И русскому мужику пахать – все равно, что киргизу пасти в бескрайней степи табуны лошадей, все равно, что норвегу забрасывать в безмерный океан свои сети, все равно, что остяку идти по соболиному следу, все равно, что старателю в любой стране, в любом крае света промывать из грунтовой породы драгоценное золото.
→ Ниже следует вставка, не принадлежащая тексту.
(* Let $\mathcal{P}=(|K|,V)$ be a polyhedral model. For all $x\in|K|$ and every SLCS$_\eta$ formula $\Phi$: $\mathcal{P},x\models\Phi$ if and only if $\mathbb{F}(\mathcal{P}),\mathbb{F}(x)\models\Phi$.
   Context: Fix a set PL of proposition letters. A simplex $\sigma\subseteq\mathbb{R}^m$ is the convex hull of $d+1$ affinely independent points $v_0,\dots,v_d$; its faces are the simplices spanned by nonempty subsets of its vertices. Its relative interior (cell) is $\tilde\sigma=\{\sum_i\lambda_iv_i:\lambda_i\in(0,1],\sum_i\lambda_i=1\}$. A simplicial complex $K$ is a finite set of simplices in $\mathbb{R}^m$ closed under faces, any two of which intersect in a common face or in $\emptyset$. Its set of cells $\tilde K=\{\tilde\sigma:\sigma\in K\}$ is partially ordered by $\tilde\sigma_1\preceq\tilde\sigma_2$ iff $\tilde\sigma_1$ is contained in the topological closure of $\tilde\sigma_2$ (equivalently, $\sigma_1$ is a face of $\sigma_2$). The polyhedron $|K|$ is the union of the simplices of $K$ with the subspace topology; its cells partition $|K|$. A polyhedral model is $\mathcal{P}=(|K|,V)$ with $V:\mathrm{PL}\to\mathcal{P}(|K|)$ such that each $V(p)$ is a union of cells. Its cell poset model is $\mathbb{F}(\mathcal{P})=(\tilde K,\preceq,\mathcal{V})$ with $\tilde\sigma\in\mathcal{V}(p)$ iff $\tilde\sigma\subseteq V(p)$; for $x\in|K|$, $\mathbb{F}(x)$ is the unique cell containing $x$. A topological path from $x$ is a continuous $\pi:[0,1]\to|K|$ with $\pi(0)=x$. In a poset $(W,\preceq)$ a $\pm$-path of length $\ell\ge2$ from $w$ is $\pi:\{0,\dots,\ell\}\to W$ with $\pi(0)=w$, consecutive elements comparable under $\preceq$, $\pi(0)\preceq\pi(1)$ and $\pi(\ell)\preceq\pi(\ell-1)$. SLCS$_\eta$ formulas: $\Phi::=p\mid\neg\Phi\mid\Phi_1\wedge\Phi_2\mid\eta(\Phi_1,\Phi_2)$, $p\in\mathrm{PL}$. On polyhedral models: $x\models p$ iff $x\in V(p)$; negation, conjunction standard; $x\models\eta(\Phi_1,\Phi_2)$ iff some topological path $\pi$ from $x$ has $\pi(1)\models\Phi_2$ and $\pi(r)\models\Phi_1$ for all $r\in[0,1)$. On poset models $(W,\preceq,\mathcal{V})$: $w\models p$ iff $w\in\mathcal{V}(p)$; negation, conjunction standard; $w\models\eta(\Phi_1,\Phi_2)$ iff some $\pm$-path $\pi$ of length $\ell$ from $w$ has $\pi(\ell)\models\Phi_2$ and $\pi(i)\models\Phi_1$ for all $0\le i<\ell$. *)

theory Defs
  imports "HOL-Analysis.Analysis"
begin

definition simplex_on :: "'a::euclidean_space set \<Rightarrow> 'a set \<Rightarrow> bool" where
  "simplex_on V s \<longleftrightarrow> finite V \<and> V \<noteq> {} \<and> \<not> affine_dependent V \<and> s = convex hull V"

definition is_simplex :: "'a::euclidean_space set \<Rightarrow> bool" where
  "is_simplex s \<longleftrightarrow> (\<exists>V. simplex_on V s)"

definition simplex_face :: "'a::euclidean_space set \<Rightarrow> 'a set \<Rightarrow> bool" where
  "simplex_face t s \<longleftrightarrow> (\<exists>V W. simplex_on V s \<and> W \<subseteq> V \<and> W \<noteq> {} \<and> t = convex hull W)"

definition cell :: "'a::euclidean_space set \<Rightarrow> 'a set" where
  "cell s = {y. \<exists>V l. simplex_on V s \<and> (\<forall>v\<in>V. 0 < l v \<and> l v \<le> 1) \<and> sum l V = 1
                    \<and> y = (\<Sum>v\<in>V. l v *\<^sub>R v)}"

definition simplicial_complex :: "'a::euclidean_space set set \<Rightarrow> bool" where
  "simplicial_complex K \<longleftrightarrow> finite K \<and> (\<forall>s\<in>K. is_simplex s)
     \<and> (\<forall>s\<in>K. \<forall>t. simplex_face t s \<longrightarrow> t \<in> K)
     \<and> (\<forall>s\<in>K. \<forall>t\<in>K. s \<inter> t = {} \<or> (simplex_face (s \<inter> t) s \<and> simplex_face (s \<inter> t) t))"

definition polyhedron :: "'a::euclidean_space set set \<Rightarrow> 'a set" where
  "polyhedron K = \<Union>K"

definition cells :: "'a::euclidean_space set set \<Rightarrow> 'a set set" where
  "cells K = cell ` K"

definition cell_le :: "'a::euclidean_space set \<Rightarrow> 'a set \<Rightarrow> bool" where
  "cell_le c1 c2 \<longleftrightarrow> c1 \<subseteq> closure c2"

definition polyhedral_valuation :: "'a::euclidean_space set set \<Rightarrow> ('p \<Rightarrow> 'a set) \<Rightarrow> bool" where
  "polyhedral_valuation K V \<longleftrightarrow> (\<forall>p. \<exists>C \<subseteq> cells K. V p = \<Union>C)"

definition cell_val :: "'a::euclidean_space set set \<Rightarrow> ('p \<Rightarrow> 'a set) \<Rightarrow> 'p \<Rightarrow> 'a set set" where
  "cell_val K V p = {c \<in> cells K. c \<subseteq> V p}"

definition cell_of :: "'a::euclidean_space set set \<Rightarrow> 'a \<Rightarrow> 'a set" where
  "cell_of K x = (THE c. c \<in> cells K \<and> x \<in> c)"

datatype 'p form = Atom 'p | Neg "'p form" | Conj "'p form" "'p form" | Eta "'p form" "'p form"

primrec sat_poly :: "'a::euclidean_space set set \<Rightarrow> ('p \<Rightarrow> 'a set) \<Rightarrow> 'p form \<Rightarrow> 'a \<Rightarrow> bool" where
  "sat_poly K V (Atom p) x \<longleftrightarrow> x \<in> V p"
| "sat_poly K V (Neg f) x \<longleftrightarrow> \<not> sat_poly K V f x"
| "sat_poly K V (Conj f g) x \<longleftrightarrow> sat_poly K V f x \<and> sat_poly K V g x"
| "sat_poly K V (Eta f g) x \<longleftrightarrow>
     (\<exists>\<pi>::real \<Rightarrow> 'a. continuous_on {0..1} \<pi> \<and> \<pi> ` {0..1} \<subseteq> polyhedron K \<and> \<pi> 0 = x
        \<and> sat_poly K V g (\<pi> 1) \<and> (\<forall>r\<in>{0..<1}. sat_poly K V f (\<pi> r)))"
(* Let $0<\alpha<d$, $1\leq p<d/\alpha$, $f\in L^p(\mathbb{R}^d)$, and let $x\in\mathbb{R}^d$ be a Lebesgue point of $f$. Then $\mathcal{B}^c_\alpha(x)$ and $\mathcal{B}^u_\alpha(x)$ are nonempty; that is, (centered case) there is a largest $r>0$ with $\mathrm{M}^c_\alpha f(x)=r^\alpha f_{B(x,r)}$, and (uncentered case) there is a ball $B$ with $x\in\overline B$ and $r(B)^\alpha f_B=\mathrm{M}^u_\alpha f(x)$ such that $r(A)^\alpha f_A<\mathrm{M}^u_\alpha f(x)$ for all balls $A\supsetneq B$.
   Context: $f_B=\frac1{|B|}\int_B|f|$, $r(B)$ is the radius of the ball $B$, $\overline B$ its closure. $\mathrm{M}^c_\alpha f(x)=\sup_{r>0}r^\alpha f_{B(x,r)}$ and $\mathrm{M}^u_\alpha f(x)=\sup_{B\ni x}r(B)^\alpha f_B$ over balls containing $x$. $\mathcal{B}^c_\alpha(x)=\{B(x,r)\}$ with $r$ the largest radius attaining $\mathrm{M}^c_\alpha f(x)=r^\alpha f_{B(x,r)}$; $\mathcal{B}^u_\alpha(x)$ is the set of balls $B$ with $x\in\overline B$, $r(B)^\alpha f_B=\mathrm{M}^u_\alpha f(x)$ and $r(A)^\alpha f_A<\mathrm{M}^u_\alpha f(x)$ for every ball $A\supsetneq B$. *)

theory Defs
  imports "HOL-Analysis.Analysis"
begin

definition avg :: "('a::euclidean_space \<Rightarrow> real) \<Rightarrow> 'a set \<Rightarrow> real" where
  "avg f B = (LINT y:B|lebesgue. \<bar>f y\<bar>) / measure lebesgue B"

definition Mc :: "real \<Rightarrow> ('a::euclidean_space \<Rightarrow> real) \<Rightarrow> 'a \<Rightarrow> ereal" where
  "Mc \<alpha> f x = (SUP r\<in>{0<..}. ereal (r powr \<alpha> * avg f (ball x r)))"

definition Mu :: "real \<Rightarrow> ('a::euclidean_space \<Rightarrow> real) \<Rightarrow> 'a \<Rightarrow> ereal" where
  "Mu \<alpha> f x = (SUP cr\<in>{(c, r). 0 < r \<and> x \<in> ball c r}.
                   ereal (snd cr powr \<alpha> * avg f (ball (fst cr) (snd cr))))"

definition in_Lp :: "real \<Rightarrow> ('a::euclidean_space \<Rightarrow> real) \<Rightarrow> bool" where
  "in_Lp p f \<longleftrightarrow> f \<in> borel_measurable lebesgue \<and> integrable lebesgue (\<lambda>y. \<bar>f y\<bar> powr p)"

definition lebesgue_point :: "('a::euclidean_space \<Rightarrow> real) \<Rightarrow> 'a \<Rightarrow> bool" where
  "lebesgue_point f x \<longleftrightarrow>
     ((\<lambda>r. (LINT y:ball x r|lebesgue. \<bar>f y - f x\<bar>) / measure lebesgue (ball x r))
        \<longlongrightarrow> 0) (at_right 0)"

end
Есть в крестьянстве работа и потяжелее, чем пахота, есть полегче, но сноровки требует от мужика больше, а вот пахота – она как раз на пределе того и другого: будь она еще чуть потяжелее, и тогда многие из мужиков не управились бы с нею, не хватило бы у них сил; а будь в ней чуть меньше умения – то и всякий, кто силу имеет, пахал бы запросто, и вовсе не надо было бы такому воротиле быть крестьянином, чему-то от земли учиться, что-то уметь с землею делать.

И если парнишка в крестьянской семье растет и сызмальства научен и боронить, и косить, и с конями управляться, он все равно до тех пор в молодняке будет ходить, покуда две-три десятины без огрехов не вспашет.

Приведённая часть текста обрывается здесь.